Work task>
Search the material for lines containing the word "imports", and copy each one.

Entries shown>
(* Let $X\subset\mathbb{R}^n$ be a finite set of points, let $\mathcal O$ be an order ideal and let $\mathcal B$ be an $\mathcal O$-border basis of the vanishing ideal $\mathcal I(X)$. Then for every $g\in\mathcal B$, $\mathfrak n_{\mathrm g}(g;X)\neq\boldsymbol 0$.
   Context: $\mathcal I(X)=\{g\in\mathbb{R}[x_1,\ldots,x_n]:g(\boldsymbol x)=0\ \forall\boldsymbol x\in X\}$. A term is a monomial $x_1^{a_1}\cdots x_n^{a_n}$. An order ideal $\mathcal O$ is a finite set of terms such that every term dividing an element of $\mathcal O$ belongs to $\mathcal O$. Its border is $\partial\mathcal O=\{x_ko:o\in\mathcal O,k=1,\ldots,n\}\setminus\mathcal O$. An $\mathcal O$-border basis of $\mathcal I(X)$ is a set of polynomials $\mathcal B\subset\mathcal I(X)$ generating $\mathcal I(X)$, each of the form $g=b-\sum_{o\in\mathcal O}c_oo$ with $b\in\partial\mathcal O$ and $c_o\in\mathbb R$, such that the residue classes of the terms of $\mathcal O$ form a basis of $\mathbb{R}[x_1,\ldots,x_n]/\mathcal I(X)$ (equivalently, the evaluation vectors of the terms of $\mathcal O$ at $X$ are linearly independent and span $\mathbb{R}^{|X|}$). $\mathfrak n_{\mathrm g}(g;X)=\mathrm{vec}(\nabla g(X))$, where $\nabla g(X)$ is the $|X|\times n$ matrix whose rows are the gradients of $g$ at the points of $X$. *)

theory Defs
  imports "HOL-Analysis.Analysis" "HOL-Library.Poly_Mapping"
begin

text \<open>Multivariate real polynomials in the variables indexed by the finite type 'n:
  terms (monomials) are exponent vectors 'n => nat (finitely supported), polynomials are finitely
  supported maps from terms to real coefficients (with convolution product).\<close>

type_synonym 'n "term" = "'n \<Rightarrow>\<^sub>0 nat"
type_synonym 'n mpoly = "'n term \<Rightarrow>\<^sub>0 real"

definition term_poly :: "'n term \<Rightarrow> 'n mpoly" where
  "term_poly t = Poly_Mapping.single t 1"

definition term_eval :: "'n::finite term \<Rightarrow> real ^ 'n \<Rightarrow> real" where
  "term_eval t x = (\<Prod>i\<in>UNIV. (x $ i) ^ Poly_Mapping.lookup t i)"

definition peval :: "'n::finite mpoly \<Rightarrow> real ^ 'n \<Rightarrow> real" where
  "peval p x = (\<Sum>t\<in>Poly_Mapping.keys p. Poly_Mapping.lookup p t * term_eval t x)"

definition vanishing_ideal :: "(real ^ 'n::finite) set \<Rightarrow> 'n mpoly set" where
  "vanishing_ideal X = {g. \<forall>x\<in>X. peval g x = 0}"

definition ideal_gen :: "'n mpoly set \<Rightarrow> 'n mpoly set" where
  "ideal_gen B = {p. \<exists>F h. finite F \<and> F \<subseteq> B \<and> p = (\<Sum>g\<in>F. h g * g)}"

definition term_dvd :: "'n term \<Rightarrow> 'n term \<Rightarrow> bool" where
  "term_dvd s t \<longleftrightarrow> (\<forall>i. Poly_Mapping.lookup s i \<le> Poly_Mapping.lookup t i)"

definition order_ideal :: "'n term set \<Rightarrow> bool" where
  "order_ideal \<O> \<longleftrightarrow> finite \<O> \<and> (\<forall>t\<in>\<O>. \<forall>s. term_dvd s t \<longrightarrow> s \<in> \<O>)"

definition border :: "'n term set \<Rightarrow> 'n term set" where
  "border \<O> = {Poly_Mapping.single k 1 + u | u k. u \<in> \<O>} - \<O>"

definition is_border_basis :: "'n::finite term set \<Rightarrow> 'n mpoly set \<Rightarrow> (real ^ 'n) set \<Rightarrow> bool" where
  "is_border_basis \<O> B X \<longleftrightarrow>
     B \<subseteq> vanishing_ideal X \<and> ideal_gen B = vanishing_ideal X \<and>
     (\<forall>g\<in>B. \<exists>b\<in>border \<O>. \<exists>c. g = term_poly b - (\<Sum>u\<in>\<O>. Poly_Mapping.single u (c u))) \<and>
     (\<forall>c. (\<forall>x\<in>X. (\<Sum>u\<in>\<O>. c u * term_eval u x) = 0) \<longrightarrow> (\<forall>u\<in>\<O>. c u = 0)) \<and>
     (\<forall>v. \<exists>c. \<forall>x\<in>X. (\<Sum>u\<in>\<O>. c u * term_eval u x) = v x)"

definition pgrad :: "'n::finite mpoly \<Rightarrow> real ^ 'n \<Rightarrow> real ^ 'n" where
  "pgrad p x = (\<chi> k. deriv (\<lambda>s. peval p (\<chi> i. if i = k then s else x $ i)) (x $ k))"

text \<open>n_g(g;X) = vec(grad g(X)) is the zero vector iff every gradient at every point of X is 0.
  We represent it as the matrix-valued map X \<rightarrow> R^n (row x is the gradient at x).\<close>
definition ngrad_zero :: "'n::finite mpoly \<Rightarrow> (real ^ 'n) set \<Rightarrow> bool" where
  "ngrad_zero g X \<longleftrightarrow> (\<forall>x\<in>X. \<forall>k. pgrad g x $ k = 0)"

end

theory Submission
  imports Defs
begin

text \<open>Write a border basis element as \<open>g = b - (\<Sum>u\<in>\<O>. c u * u)\<close> with \<open>b = x\<^sub>k * o\<^sub>0\<close>,
  \<open>o\<^sub>0 \<in> \<O>\<close> and \<open>b \<notin> \<O>\<close>. The partial derivative of \<open>b\<close> along \<open>x\<^sub>k\<close> is a nonzero multiple of \<open>o\<^sub>0\<close>,
  while that of \<open>u \<in> \<O>\<close> is a multiple of \<open>u / x\<^sub>k\<close>, which lies in \<open>\<O>\<close> because \<open>\<O>\<close> is closed
  under division, and differs from \<open>o\<^sub>0\<close> because \<open>b \<notin> \<O>\<close>. So this derivative of \<open>g\<close> is a
  combination of the terms of \<open>\<O>\<close> in which \<open>o\<^sub>0\<close> has a nonzero coefficient; as these terms are
  linearly independent on \<open>X\<close>, it cannot vanish on all of \<open>X\<close>.\<close>

lemma peval_eq_sum:
  assumes "finite S" "Poly_Mapping.keys p \<subseteq> S"
  shows "peval p x = (\<Sum>t\<in>S. Poly_Mapping.lookup p t * term_eval t x)"
  unfolding peval_def
  by (rule sum.mono_neutral_left) (use assms in \<open>auto simp: in_keys_iff\<close>)

lemma term_eval_remove:
  "term_eval t y = (y $ k) ^ Poly_Mapping.lookup t k *
     (\<Prod>i\<in>UNIV - {k}. (y $ i) ^ Poly_Mapping.lookup t i)"
  unfolding term_eval_def by (simp add: prod.remove)

lemma has_real_derivative_term_eval:
  fixes x :: "real ^ 'n::finite"
  shows "((\<lambda>s. term_eval t (\<chi> i. if i = k then s else x $ i)) has_real_derivative
     real (Poly_Mapping.lookup t k) * term_eval (t - Poly_Mapping.single k 1) x) (at (x $ k))"
  \<comment> \<open>if \<open>x\<^sub>k\<close> does not occur in \<open>t\<close>, the truncated difference \<open>t - x\<^sub>k\<close> is \<open>t\<close>, but its factor is 0\<close>
proof -
  define P where "P = (\<Prod>i\<in>UNIV - {k}. (x $ i) ^ Poly_Mapping.lookup t i)"
  have line: "term_eval t (\<chi> i. if i = k then s else x $ i) = s ^ Poly_Mapping.lookup t k * P" for s
    unfolding term_eval_remove[of t _ k] P_def
    by (intro arg_cong2[where f="(*)"]) (auto intro!: prod.cong)
  have "(\<Prod>i\<in>UNIV - {k}. (x $ i) ^ Poly_Mapping.lookup (t - Poly_Mapping.single k 1) i) = P"
    unfolding P_def by (intro prod.cong) (auto simp: lookup_minus lookup_single_not_eq)
  then have lowered:
    "term_eval (t - Poly_Mapping.single k 1) x = (x $ k) ^ (Poly_Mapping.lookup t k - 1) * P"
    unfolding term_eval_remove[of _ _ k] by (simp add: lookup_minus)
  have "((\<lambda>s. s ^ Poly_Mapping.lookup t k * P) has_real_derivative
      real (Poly_Mapping.lookup t k) * (x $ k) ^ (Poly_Mapping.lookup t k - 1) * P) (at (x $ k))"
    by (auto intro!: derivative_eq_intros)
  then show ?thesis unfolding line lowered by (simp add: mult.assoc)
qed

lemma pgrad_nth_eq_sum:
  fixes x :: "real ^ 'n::finite"
  assumes "finite S" "Poly_Mapping.keys p \<subseteq> S"
  shows "pgrad p x $ k = (\<Sum>t\<in>S. Poly_Mapping.lookup p t *
     (real (Poly_Mapping.lookup t k) * term_eval (t - Poly_Mapping.single k 1) x))"
proof -
  have "((\<lambda>s. peval p (\<chi> i. if i = k then s else x $ i)) has_real_derivative
      (\<Sum>t\<in>S. Poly_Mapping.lookup p t *
        (real (Poly_Mapping.lookup t k) * term_eval (t - Poly_Mapping.single k 1) x))) (at (x $ k))"
    unfolding peval_eq_sum[OF assms]
    by (intro DERIV_sum DERIV_cmult has_real_derivative_term_eval)
  then show ?thesis
    unfolding pgrad_def by (simp add: DERIV_imp_deriv)
qed

lemma lookup_border_form:
  assumes "finite \<O>"
  shows "Poly_Mapping.lookup (term_poly b - (\<Sum>u\<in>\<O>. Poly_Mapping.single u (c u))) t =
     (if t = b then 1 else 0) - (if t \<in> \<O> then c t else 0)"
  unfolding term_poly_def lookup_minus lookup_sum lookup_single
  using assms by (auto simp: when_def)

lemma keys_border_form:
  assumes "finite \<O>"
  shows "Poly_Mapping.keys (term_poly b - (\<Sum>u\<in>\<O>. Poly_Mapping.single u (c u))) \<subseteq> insert b \<O>"
  using lookup_border_form[OF assms] by (auto simp: in_keys_iff split: if_splits)

lemma order_ideal_image_add_single:
  assumes "order_ideal \<O>"
  shows "(\<lambda>w. w + Poly_Mapping.single k 1) ` {w\<in>\<O>. w + Poly_Mapping.single k 1 \<in> \<O>}
     = {u\<in>\<O>. Poly_Mapping.lookup u k \<noteq> 0}"
proof (intro equalityI subsetI)
  fix u assume "u \<in> (\<lambda>w. w + Poly_Mapping.single k 1) ` {w\<in>\<O>. w + Poly_Mapping.single k 1 \<in> \<O>}"
  then show "u \<in> {u\<in>\<O>. Poly_Mapping.lookup u k \<noteq> 0}"
    by (auto simp: lookup_add)
next
  fix u assume u: "u \<in> {u\<in>\<O>. Poly_Mapping.lookup u k \<noteq> 0}"
  have "u - Poly_Mapping.single k 1 \<in> \<O>"
    using u assms unfolding order_ideal_def term_dvd_def by (auto simp: lookup_minus)
  moreover have "u = (u - Poly_Mapping.single k 1) + Poly_Mapping.single k 1"
    using u by (intro poly_mapping_eqI) (auto simp: lookup_add lookup_minus lookup_single when_def)
  ultimately show "u \<in> (\<lambda>w. w + Poly_Mapping.single k 1) ` {w\<in>\<O>. w + Poly_Mapping.single k 1 \<in> \<O>}"
    using u by (intro image_eqI[of _ _ "u - Poly_Mapping.single k 1"]) auto
qed

definition partial_coeffs :: "'n term set \<Rightarrow> 'n \<Rightarrow> ('n term \<Rightarrow> real) \<Rightarrow> 'n term \<Rightarrow> real" where
  "partial_coeffs \<O> k c w =
     (if w + Poly_Mapping.single k 1 \<in> \<O>
      then c (w + Poly_Mapping.single k 1) * real (Poly_Mapping.lookup (w + Poly_Mapping.single k 1) k)
      else 0)"

lemma sum_partial_terms_order_ideal:
  assumes "order_ideal \<O>"
  shows "(\<Sum>u\<in>\<O>. c u * (real (Poly_Mapping.lookup u k) * term_eval (u - Poly_Mapping.single k 1) x)) =
     (\<Sum>w\<in>\<O>. partial_coeffs \<O> k c w * term_eval w x)"
    (is "?lhs = ?rhs")
proof -
  let ?ek = "Poly_Mapping.single k 1"
  have fin: "finite \<O>" using assms by (simp add: order_ideal_def)
  have "?rhs = (\<Sum>w\<in>{w\<in>\<O>. w + ?ek \<in> \<O>}.
      c (w + ?ek) * real (Poly_Mapping.lookup (w + ?ek) k) * term_eval w x)"
    unfolding partial_coeffs_def sum.inter_filter[OF fin] by (rule sum.cong) auto
  also have "\<dots> = (\<Sum>u\<in>(\<lambda>w. w + ?ek) ` {w\<in>\<O>. w + ?ek \<in> \<O>}.
      c u * (real (Poly_Mapping.lookup u k) * term_eval (u - ?ek) x))"
    by (subst sum.reindex) (simp_all add: inj_on_def mult.assoc)
  also have "\<dots> = ?lhs"
    unfolding order_ideal_image_add_single[OF assms] using fin by (intro sum.mono_neutral_left) auto
  finally show ?thesis by simp
qed

lemma pgrad_border_form_in_span:
  fixes c :: "'n::finite term \<Rightarrow> real"
  assumes "order_ideal \<O>" and "o\<^sub>0 \<in> \<O>" and "b = Poly_Mapping.single k 1 + o\<^sub>0" and "b \<notin> \<O>"
  obtains e where "e o\<^sub>0 \<noteq> 0"
    and "\<And>x. pgrad (term_poly b - (\<Sum>u\<in>\<O>. Poly_Mapping.single u (c u))) x $ k =
           (\<Sum>w\<in>\<O>. e w * term_eval w x)"
proof -
  let ?ek = "Poly_Mapping.single k 1"
  let ?g = "term_poly b - (\<Sum>u\<in>\<O>. Poly_Mapping.single u (c u))"
  define e where
    "e w = (if w = o\<^sub>0 then real (Poly_Mapping.lookup b k) else 0) - partial_coeffs \<O> k c w" for w
  have fin: "finite \<O>" using assms(1) by (simp add: order_ideal_def)
  have "partial_coeffs \<O> k c o\<^sub>0 = 0"
    unfolding partial_coeffs_def using assms(3,4) by (simp add: add.commute)
  then have "e o\<^sub>0 \<noteq> 0" unfolding e_def using assms(3) by (simp add: lookup_add)
  moreover have "pgrad ?g x $ k = (\<Sum>w\<in>\<O>. e w * term_eval w x)" for x
  proof -
    have "pgrad ?g x $ k = (\<Sum>t\<in>insert b \<O>. Poly_Mapping.lookup ?g t *
        (real (Poly_Mapping.lookup t k) * term_eval (t - ?ek) x))"
      using fin keys_border_form[OF fin] by (intro pgrad_nth_eq_sum) auto
    also have "\<dots> = real (Poly_Mapping.lookup b k) * term_eval o\<^sub>0 x -
        (\<Sum>u\<in>\<O>. c u * (real (Poly_Mapping.lookup u k) * term_eval (u - ?ek) x))"
    proof -
      have "u \<noteq> b" if "u \<in> \<O>" for u using that assms(4) by blast
      then show ?thesis
        using fin assms(3,4) by (simp add: lookup_border_form sum_negf[symmetric] cong: sum.cong)
    qed
    also have "\<dots> = (\<Sum>w\<in>\<O>. e w * term_eval w x)"
      unfolding sum_partial_terms_order_ideal[OF assms(1)] e_def
      using fin assms(2)
      by (simp add: left_diff_distrib sum_subtractf sum.delta if_distrib[where f = "\<lambda>z. z * _"]
          cong: if_cong)
    finally show ?thesis .
  qed
  ultimately show thesis using that by blast
qed

theorem proposition4:
  fixes X :: "(real ^ 'n::finite) set" and \<O> :: "'n term set" and B :: "'n mpoly set"
  assumes "finite X"
    and "order_ideal \<O>"
    and "is_border_basis \<O> B X"
    and "g \<in> B"
  shows "\<not> ngrad_zero g X"
proof
  assume grad_zero: "ngrad_zero g X"
  obtain b c where "b \<in> border \<O>" and g: "g = term_poly b - (\<Sum>u\<in>\<O>. Poly_Mapping.single u (c u))"
    using assms(3,4) unfolding is_border_basis_def by blast
  then obtain k o\<^sub>0 where "o\<^sub>0 \<in> \<O>" "b = Poly_Mapping.single k 1 + o\<^sub>0" "b \<notin> \<O>"
    unfolding border_def by blast
  with assms(2) obtain e where "e o\<^sub>0 \<noteq> 0" and grad: "\<And>x. pgrad g x $ k = (\<Sum>w\<in>\<O>. e w * term_eval w x)"
    unfolding g by (rule pgrad_border_form_in_span[where c = c]) blast
  have "\<forall>x\<in>X. (\<Sum>w\<in>\<O>. e w * term_eval w x) = 0"
    using grad_zero unfolding ngrad_zero_def grad[symmetric] by blast
  then have "\<forall>w\<in>\<O>. e w = 0"
    using assms(3) unfolding is_border_basis_def by blast
  with \<open>o\<^sub>0 \<in> \<O>\<close> \<open>e o\<^sub>0 \<noteq> 0\<close> show False by blast
qed

end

Answer area>
  imports "HOL-Analysis.Analysis" "HOL-Library.Poly_Mapping"
  imports Defs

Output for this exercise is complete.